I almost voted "no change," for the same reasons that Steve Jordan listed, but I decided on balance that I think there will be less piracy overall when people can get legal copies of ebooks in the first place. I'm buying new books in ebook format now when possible, rather than paper. If I can't get a book in ebook format, but want a copy for re-reading purposes, I think buying a paper copy (even a used copy) and downloading a scan is acceptable. I'm less fussy about tracking down a paper copy if the work is completely out of print. Eventually my entire re-read library (which is extensive, I re-read a lot) will be converted to digital format by one or the other of these means, and I'll be buying the rest of my content in ebook format-- I'd rather do that from a legitimate outlet that makes it easy for me to find what I'm looking for, is unlikely to give me malware, etc. I'm sure there are people who enjoy trawling the darknet, but I'm not one of them. I think most people would rather get their content via legitimate means.
HarryT, someone who not only shares but re-sells someone else's work is a criminal by my standards and should be prosecuted. But most of the time, software "sharing" has no excuse similar to format-shifting with books.
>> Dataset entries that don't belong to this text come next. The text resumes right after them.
lemma disjoint_blowup_if_condition:
  assumes big: "\<And>m i. m < r \<Longrightarrow> i < N \<Longrightarrow> real r < norm (Wprod (fs i) (ws i) m n)"
    and cond: "\<And>i l. i < N \<Longrightarrow> l < N \<Longrightarrow> i \<noteq> l \<Longrightarrow>
      (fs l ^^ n) ` {..<r} \<inter> (fs i ^^ n) ` {..<r} = {} \<and>
      (\<forall>j \<in> (fs l ^^ n) ` {..<r} \<inter> (fs i ^^ n) ` (UNIV - {..<r}).
         norm (Wprod (fs i) (ws i) (inv (fs i ^^ n) j) n / Wprod (fs l) (ws l) (inv (fs l ^^ n) j) n)
           < 1 / (r + 1))"
  shows "disjoint_blowup N fs ws n r"
  unfolding disjoint_blowup_def
proof (intro conjI allI impI big)
  fix i l assume il: "i < N" "l < N" "i \<noteq> l"
  then show "(fs l ^^ n) ` {..<r} \<inter> (fs i ^^ n) ` {..<r} = {}" using cond by blast
  fix m m' assume m: "m < r" "r \<le> m'" "(fs l ^^ n) m = (fs i ^^ n) m'"
  define j where "j = (fs l ^^ n) m"
  have "j \<in> (fs l ^^ n) ` {..<r}"
    using m(1) unfolding j_def by simp
  moreover have "j \<in> (fs i ^^ n) ` (UNIV - {..<r})"
    using m(2) unfolding j_def m(3) by simp
  ultimately have "j \<in> (fs l ^^ n) ` {..<r} \<inter> (fs i ^^ n) ` (UNIV - {..<r})"
    by (rule IntI)
  then have "norm (Wprod (fs i) (ws i) (inv (fs i ^^ n) j) n
      / Wprod (fs l) (ws l) (inv (fs l ^^ n) j) n) < 1 / (real r + 1)"
    by (rule bspec[OF conjunct2[OF cond[OF il]]])
  moreover have "inv (fs i ^^ n) j = m'" "inv (fs l ^^ n) j = m"
    using m(3) il unfolding j_def by (metis inv_f_f inj_funpow)+
  ultimately have "norm (Wprod (fs i) (ws i) m' n / Wprod (fs l) (ws l) m n) < 1 / (real r + 1)"
    by simp
  then have "norm (Wprod (fs i) (ws i) m' n / Wprod (fs l) (ws l) m n) * (real r + 1) < 1"
    by (simp add: field_simps)
  moreover have "norm (Wprod (fs i) (ws i) m' n / Wprod (fs l) (ws l) m n) * r
      \<le> norm (Wprod (fs i) (ws i) m' n / Wprod (fs l) (ws l) m n) * (real r + 1)"
    by (intro mult_left_mono) auto
  ultimately show "norm (Wprod (fs i) (ws i) m' n / Wprod (fs l) (ws l) m n) * r < 1"
    by linarith
qed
Here's a possible exception: I recently purchased (used, of course) a copy of Lost Treasures of InfoCom, a collection of interactive fiction. The version I ended up getting is for the old MacOS, which I don't run, and came on single-sided 3.5" floppy disks. I know I can get the files for these games online. I could go through the trouble of extracting the data files from the floppies and the archaic Mac disk format, or I can just download clean data files that will work with Gargoyle, an interactive fiction interpreter. These games are out of print. I think there's no moral problem with retrieving the files, now that I have legal copies. It would be both illegal and immoral, however, for someone (other than Activision) to start selling copies of these files.